Dans le langage des fleurs, la violette est le symbole de l’amour secret, de l’humilité et de la modestie!
Fleur préférée de Napoléon, il offrait à Joséphine un bouquet de violettes à chaque anniversaire de mariage. C’était aussi le signe de ralliement des partisans de Napoléon qui se manifestaient par ces mots : »Aimez-vous les violettes? »
Selon une légende de la mythologie grecque, Zeus, amant de la nymphe Io, la transforma en une blanche génisse pour la protéger de la colère de son épouse Héra! C’est pour nourrir Io que la violette fut créée
Pour terminer sur une note musicale, les « Violettes impériales », opérette rendue célèbre par Luis Mariano et sa chanson culte : « L’Amour est un bouquet de violettes »…
PS : la violette décrite est la violette de Rivin (Viola riviniana).
Son éperon est blanchâtre, sillonné et échancré à son extrémité.
Les violettes, comme les véroniques, comprennent beaucoup d’espèces, pas toujours faciles à identifier.
Violette

 

14 avril 2020

La petite pervenche (Vinca minor).
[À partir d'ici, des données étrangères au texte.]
(* Let $G\in\mathcal{C}$, let $C$ be a proper separator of $G$ with full components $L$ and $R$, let $c_1,c_2\in C$, and let $H$ be a $(C,c_1,c_2)$-hole, with $H_L,H_R,\ell_1,\ell_2,r_1,r_2$ as defined below. Suppose $v\in V(G)\setminus V(H)$ has a neighbor in $H_L^*\setminus\{\ell_1,\ell_2\}$ and a neighbor in $H_R^*\setminus\{r_1,r_2\}$. Then $v$ is $(c_1,c_2)$-heavy with respect to $H$.
   Context: All graphs are finite and simple; paths are induced paths; a hole is an induced cycle of length at least four. $\mathcal{C}$ is the class of graphs containing no theta, pyramid, prism or turtle as an induced subgraph (theta: two nonadjacent vertices joined by three otherwise disjoint paths, any two inducing a hole; pyramid: a vertex $a$ joined to the three vertices $b_i$ of a triangle by paths disjoint except at $a$, any two inducing a hole; prism: two disjoint triangles $\{a_i\},\{b_i\}$ joined by disjoint paths $a_i$–$b_i$, any two inducing a hole; turtle: a hole formed by disjoint paths $P_1$ from $a_1$ to $b_1$ and $P_2$ from $a_2$ to $b_2$ with edges $a_1a_2,b_1b_2$, plus adjacent vertices $x,y$, $x$ having $\ge3$ neighbors in $P_1$ and none in $P_2$, $y$ having $\ge3$ neighbors in $P_2$ and none in $P_1$). A minimal separator $C$ of $G$ is a set such that $G\setminus C$ has two distinct components $L,R$ with $N(L)=N(R)=C$; it is proper if it is not a clique, in which case $G\setminus C$ has exactly two components $L,R$ with $N(L)=N(R)=C$ (the full components). For $c_1,c_2\in C$, a $(C,c_1,c_2)$-hole is a hole $H$ with $V(H)\cap C=\{c_1,c_2\}$ whose two $c_1$–$c_2$ paths $H_L,H_R$ satisfy $H_L^*\subseteq L$ and $H_R^*\subseteq R$, where $P^*$ denotes the interior (vertices other than the ends) of a path $P$. $\ell_1,\ell_2$ are the neighbors of $c_1,c_2$ in $H_L$, and $r_1,r_2$ are the neighbors of $c_1,c_2$ in $H_R$. For $u\notin V(H)$, $N_H(u)$ is the set of its neighbors in $H$; $u$ is major for $H$ if $N_H(u)\ne\emptyset$ and $N_H(u)$ is not contained in the vertex set of any three-vertex subpath of $H$. A $w$-sector is a subpath $Q=x\text{-}\cdots\text{-}y$ of $H$ with $x,y$ neighbors of $w$ and no interior vertex adjacent to $w$; an extended neighborhood of $w$ in $H$ is $Q\cup(\{x',y'\}\cap N_H(w))$ for a $w$-sector $Q=x\text{-}\cdots\text{-}y$, where $x',y'$ are the neighbors of $x,y$ in $H\setminus V(Q)$; $a,b\in V(H)$ are distant in $H$ with respect to $w$ if no extended neighborhood of $w$ contains both. A vertex $v$ is $(c_1,c_2)$-heavy with respect to $H$ if $v$ is major for $H$ and $c_1,c_2$ are distant in $H$ with respect to $v$. *)

theory Defs
  imports Main
begin

definition graph :: "'a set \<Rightarrow> ('a \<Rightarrow> 'a \<Rightarrow> bool) \<Rightarrow> bool" where
  "graph V E \<longleftrightarrow> finite V \<and> (\<forall>u v. E u v \<longrightarrow> E v u) \<and> (\<forall>u. \<not> E u u)
     \<and> (\<forall>u v. E u v \<longrightarrow> u \<in> V \<and> v \<in> V)"

definition is_path :: "'a set \<Rightarrow> ('a \<Rightarrow> 'a \<Rightarrow> bool) \<Rightarrow> 'a list \<Rightarrow> bool" where
  "is_path V E P \<longleftrightarrow> P \<noteq> [] \<and> distinct P \<and> set P \<subseteq> V \<and>
     (\<forall>i < length P. \<forall>j < length P. E (P ! i) (P ! j) \<longleftrightarrow> (i = Suc j \<or> j = Suc i))"

definition path_from_to :: "'a set \<Rightarrow> ('a \<Rightarrow> 'a \<Rightarrow> bool) \<Rightarrow> 'a list \<Rightarrow> 'a \<Rightarrow> 'a \<Rightarrow> bool" where
  "path_from_to V E P a b \<longleftrightarrow> is_path V E P \<and> hd P = a \<and> last P = b"

definition is_hole :: "'a set \<Rightarrow> ('a \<Rightarrow> 'a \<Rightarrow> bool) \<Rightarrow> 'a list \<Rightarrow> bool" where
  "is_hole V E H \<longleftrightarrow> distinct H \<and> length H \<ge> 4 \<and> set H \<subseteq> V \<and>
     (\<forall>i < length H. \<forall>j < length H.
        E (H ! i) (H ! j) \<longleftrightarrow> (Suc i mod length H = j \<or> Suc j mod length H = i))"

definition induces_hole :: "'a set \<Rightarrow> ('a \<Rightarrow> 'a \<Rightarrow> bool) \<Rightarrow> 'a set \<Rightarrow> bool" where
  "induces_hole V E S \<longleftrightarrow> (\<exists>H. is_hole V E H \<and> set H = S)"

definition has_theta :: "'a set \<Rightarrow> ('a \<Rightarrow> 'a \<Rightarrow> bool) \<Rightarrow> bool" where
  "has_theta V E \<longleftrightarrow> (\<exists>a b P1 P2 P3. a \<noteq> b \<and> \<not> E a b \<and>
     path_from_to V E P1 a b \<and> path_from_to V E P2 a b \<and> path_from_to V E P3 a b \<and>
     set P1 \<inter> set P2 = {a, b} \<and> set P1 \<inter> set P3 = {a, b} \<and> set P2 \<inter> set P3 = {a, b} \<and>
     induces_hole V E (set P1 \<union> set P2) \<and> induces_hole V E (set P1 \<union> set P3) \<and>
     induces_hole V E (set P2 \<union> set P3))"

definition has_pyramid :: "'a set \<Rightarrow> ('a \<Rightarrow> 'a \<Rightarrow> bool) \<Rightarrow> bool" where
  "has_pyramid V E \<longleftrightarrow> (\<exists>a b1 b2 b3 P1 P2 P3. distinct [a, b1, b2, b3] \<and>
     E b1 b2 \<and> E b1 b3 \<and> E b2 b3 \<and>
     path_from_to V E P1 a b1 \<and> path_from_to V E P2 a b2 \<and> path_from_to V E P3 a b3 \<and>
     set P1 \<inter> set P2 = {a} \<and> set P1 \<inter> set P3 = {a} \<and> set P2 \<inter> set P3 = {a} \<and>
     induces_hole V E (set P1 \<union> set P2) \<and> induces_hole V E (set P1 \<union> set P3) \<and>
     induces_hole V E (set P2 \<union> set P3))"

definition has_prism :: "'a set \<Rightarrow> ('a \<Rightarrow> 'a \<Rightarrow> bool) \<Rightarrow> bool" where
  "has_prism V E \<longleftrightarrow> (\<exists>a1 a2 a3 b1 b2 b3 P1 P2 P3. distinct [a1, a2, a3, b1, b2, b3] \<and>
     E a1 a2 \<and> E a1 a3 \<and> E a2 a3 \<and> E b1 b2 \<and> E b1 b3 \<and> E b2 b3 \<and>
     path_from_to V E P1 a1 b1 \<and> path_from_to V E P2 a2 b2 \<and> path_from_to V E P3 a3 b3 \<and>
     set P1 \<inter> set P2 = {} \<and> set P1 \<inter> set P3 = {} \<and> set P2 \<inter> set P3 = {} \<and>
     induces_hole V E (set P1 \<union> set P2) \<and> induces_hole V E (set P1 \<union> set P3) \<and>
     induces_hole V E (set P2 \<union> set P3))"

definition has_turtle :: "'a set \<Rightarrow> ('a \<Rightarrow> 'a \<Rightarrow> bool) \<Rightarrow> bool" where
  "has_turtle V E \<longleftrightarrow> (\<exists>a1 b1 a2 b2 P1 P2 x y.
     path_from_to V E P1 a1 b1 \<and> path_from_to V E P2 a2 b2 \<and> set P1 \<inter> set P2 = {} \<and>
     E a1 a2 \<and> E b1 b2 \<and> induces_hole V E (set P1 \<union> set P2) \<and>
     x \<in> V \<and> y \<in> V \<and> x \<notin> set P1 \<union> set P2 \<and> y \<notin> set P1 \<union> set P2 \<and> E x y \<and>
     card {u \<in> set P1. E x u} \<ge> 3 \<and> (\<forall>u \<in> set P2. \<not> E x u) \<and>
     card {u \<in> set P2. E y u} \<ge> 3 \<and> (\<forall>u \<in> set P1. \<not> E y u))"

definition in_class_C :: "'a set \<Rightarrow> ('a \<Rightarrow> 'a \<Rightarrow> bool) \<Rightarrow> bool" where
  "in_class_C V E \<longleftrightarrow> graph V E \<and> \<not> has_theta V E \<and> \<not> has_pyramid V E \<and>
     \<not> has_prism V E \<and> \<not> has_turtle V E"

definition connected_set :: "('a \<Rightarrow> 'a \<Rightarrow> bool) \<Rightarrow> 'a set \<Rightarrow> bool" where
  "connected_set E S \<longleftrightarrow>
     (\<forall>u \<in> S. \<forall>v \<in> S. (u, v) \<in> {(x, y). x \<in> S \<and> y \<in> S \<and> E x y}\<^sup>*)"

definition component_of :: "('a \<Rightarrow> 'a \<Rightarrow> bool) \<Rightarrow> 'a set \<Rightarrow> 'a set \<Rightarrow> bool" where
  "component_of E W S \<longleftrightarrow> S \<noteq> {} \<and> S \<subseteq> W \<and> connected_set E S \<and>
     (\<forall>u \<in> S. \<forall>w \<in> W - S. \<not> E u w)"

definition nbhd_set :: "'a set \<Rightarrow> ('a \<Rightarrow> 'a \<Rightarrow> bool) \<Rightarrow> 'a set \<Rightarrow> 'a set" where
  "nbhd_set V E S = {v \<in> V - S. \<exists>u \<in> S. E u v}"

definition is_clique :: "('a \<Rightarrow> 'a \<Rightarrow> bool) \<Rightarrow> 'a set \<Rightarrow> bool" where
  "is_clique E C \<longleftrightarrow> (\<forall>u \<in> C. \<forall>v \<in> C. u \<noteq> v \<longrightarrow> E u v)"

text \<open>C is a proper (minimal) separator with L and R distinct full components of G minus C.\<close>
definition proper_separator :: "'a set \<Rightarrow> ('a \<Rightarrow> 'a \<Rightarrow> bool) \<Rightarrow> 'a set \<Rightarrow> 'a set \<Rightarrow> 'a set \<Rightarrow> bool" where
  "proper_separator V E C L R \<longleftrightarrow> C \<subseteq> V \<and>
     component_of E (V - C) L \<and> component_of E (V - C) R \<and> L \<noteq> R \<and>
     nbhd_set V E L = C \<and> nbhd_set V E R = C \<and> \<not> is_clique E C"

definition sep_hole :: "'a set \<Rightarrow> ('a \<Rightarrow> 'a \<Rightarrow> bool) \<Rightarrow> 'a set \<Rightarrow> 'a set \<Rightarrow> 'a set \<Rightarrow>
     'a \<Rightarrow> 'a \<Rightarrow> 'a list \<Rightarrow> 'a list \<Rightarrow> 'a list \<Rightarrow> bool" where
  "sep_hole V E C L R c1 c2 H HL HR \<longleftrightarrow> is_hole V E H \<and> c1 \<noteq> c2 \<and>
     set H \<inter> C = {c1, c2} \<and>
     path_from_to V E HL c1 c2 \<and> path_from_to V E HR c1 c2 \<and>
     set HL \<union> set HR = set H \<and> set HL \<inter> set HR = {c1, c2} \<and>
     set HL - {c1, c2} \<subseteq> L \<and> set HR - {c1, c2} \<subseteq> R"
lemma minus_one_powi_diff: "(-1::'a::division_ring) powi (int a - int b) = (-1) ^ (a + b)"
  by (simp add: power_int_minus_left even_diff minus_one_power_iff)

lemma E_poly_minus_one: "E_poly k n (-1) = of_int (signed_wex_count n k)"
proof -
  have "(-1::real) powi (int (k * (n - k)) - int (al n \<pi>)) = of_int (sign \<pi>)"
    if "\<pi> permutes {1..n}" and "wex n \<pi> = k" for \<pi>
  proof -
    have "(-1::int) ^ (k * (n - k) + al n \<pi>) = sign \<pi> * ((-1) ^ (k * (n - k)) * (-1) ^ (k * (n - k)))"
      using minus_one_power_al[OF that(1)] that(2) by (simp add: power_add)
    also have "\<dots> = sign \<pi>"
      by (simp flip: power_add)
    finally have "(-1::int) ^ (k * (n - k) + al n \<pi>) = sign \<pi>" .
    then show ?thesis
      unfolding minus_one_powi_diff using arg_cong[of _ _ "of_int :: int \<Rightarrow> real"] by fastforce
  qed
  then show ?thesis
    unfolding E_poly_def signed_wex_count_def by (simp add: of_int_sum)
qed

theorem mainTheorem12:
  fixes k n :: nat
  assumes "1 \<le> k" and "k \<le> n"
  shows "E_hat k n (-1) = real ((n - 1) choose (k - 1)) \<or>
         E_hat k n (-1) = - real ((n - 1) choose (k - 1))"
proof -
  obtain j where k: "k = Suc j"
    using assms(1) by (cases k) auto
  obtain m where n: "n = Suc m"
    using assms by (cases n) auto
  have "E_hat k n (-1) = (-1) ^ (k + n) * ((-1) ^ (m + j) * real (m choose j))"
    unfolding E_hat_def E_poly_minus_one minus_one_powi_diff k n signed_wex_count_closed_form
    by simp
  also have "\<dots> = real ((n - 1) choose (k - 1))"
    unfolding k n by (simp add: minus_one_power_iff)
  finally show ?thesis ..
qed

end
Normalement elle s’installe dans les bois, mais elle peut former un véritable couvre-sol à l’ombre dans votre jardin!
Dotée de tiges rampantes qui s’enracinent au niveau des nœuds, comme les stolons du fraisier, elle porte un nom triomphant (Vinca = vaincre), ses feuilles étant toujours d’un vert luisant en toute saison.

Ses fleurs, aux 5 pétales d’un bleu pervenche… et asymétriques, donnent l’impression d’une hélice, comme un petit moulin à vent (ne l’aurait – elle pas inventé?)

Elle fait partie de la famille des Apocynacées, comme le laurier rose et le frangipanier, une famille surtout représentée sous les latitudes tropicales ou méditerranéennes!! (Une plante tropicale sous nos latitudes ??)

Elle peut indiquer à l’occasion l’emplacement d’anciens sites gaulois ou mérovingiens!

« Violette des morts », elle fut longtemps liée aux rites funéraires (ses « lianes couronnaient les défunts ou décoraient les tombes au Moyen-Age).

« Violette des sorciers » : toxique, elle n’en fut pas moins recherchée au Moyen-Age pour entrer dans la composition des philtres d’amour! (Un conseil : ne pas essayer…)

petite_pervenche

 

13 avril 2020

Un arbuste ornemental aux grappes de petites fleurs jaunes et au parfum de miel : le Mahonia à feuilles de houx (Berberis aquifolium).

Avec ses feuilles persistantes et épineuses, il ressemble à notre houx européen, mais le Mahonia est originaire d’Amérique du Nord! Il doit son nom à un botaniste américain d’origine irlandaise : Bernard MacMahon.

Arbuste à floraison précoce, les abeilles le visitent fréquemment en début de saison. Le contact avec la fleur entraine un mouvement des étamines qui se détendent et se rabattent en une fraction de seconde sur le pistil. Les fleurs seront ainsi pollinisées et donneront en été des baies bleu sombre, amères et très acides, mais appréciées des oiseaux!

Le MAHONIA ne serait-il pas notre MIMOSA, avec ses petites fleurs jaunes qui nous embaument dès le début du printemps?

Mahonias

 

12 avril 2020    spécial jour de Pâques!

C’est à Pâques que la Pâquerette (Bellis perennis, la belle éternelle) fleurit le plus abondamment.

De la famille des astéracées (ou composées), comme la Marguerite, ses fleurs sont en fait des capitules composés de nombreuses fleurs : les fleurons.
Les fleurons externes ligulés (la ligule est une petite languette allongée) que l’on prend pour des pétales et les fleurons internes tubulaires qui portent les étamines et le pistil et forment le coeur jaune.
Les capitules s’ouvrent le jour et se ferment la nuit ou en cas de pluie.

Les pâquerettes, que l’on trouve spontanément dans nos jardins, fleurissent une grande partie de l’année. Elles supportent le piétinement, les tontes répétées (peu de temps après, elles refleurissent) : c’est une plante vivace qui sait s’adapter à notre présence et nos habitudes…

L’histoire nous raconte qu’un jour Marie, voulant consoler Jésus qui s’était piqué avec une épine, lui offrit une pâquerette pour le consoler : une goutte de sang tomba sur les « pétales », lui donnant alors un léger ton rosé.

Comme, c’est aujourd’hui le dimanche de Pâques, la légende raconte que la pâquerette est née des larmes versées par Marie-Madeleine quand elle ne trouva pas Jésus dans son tombeau, au matin de Pâques.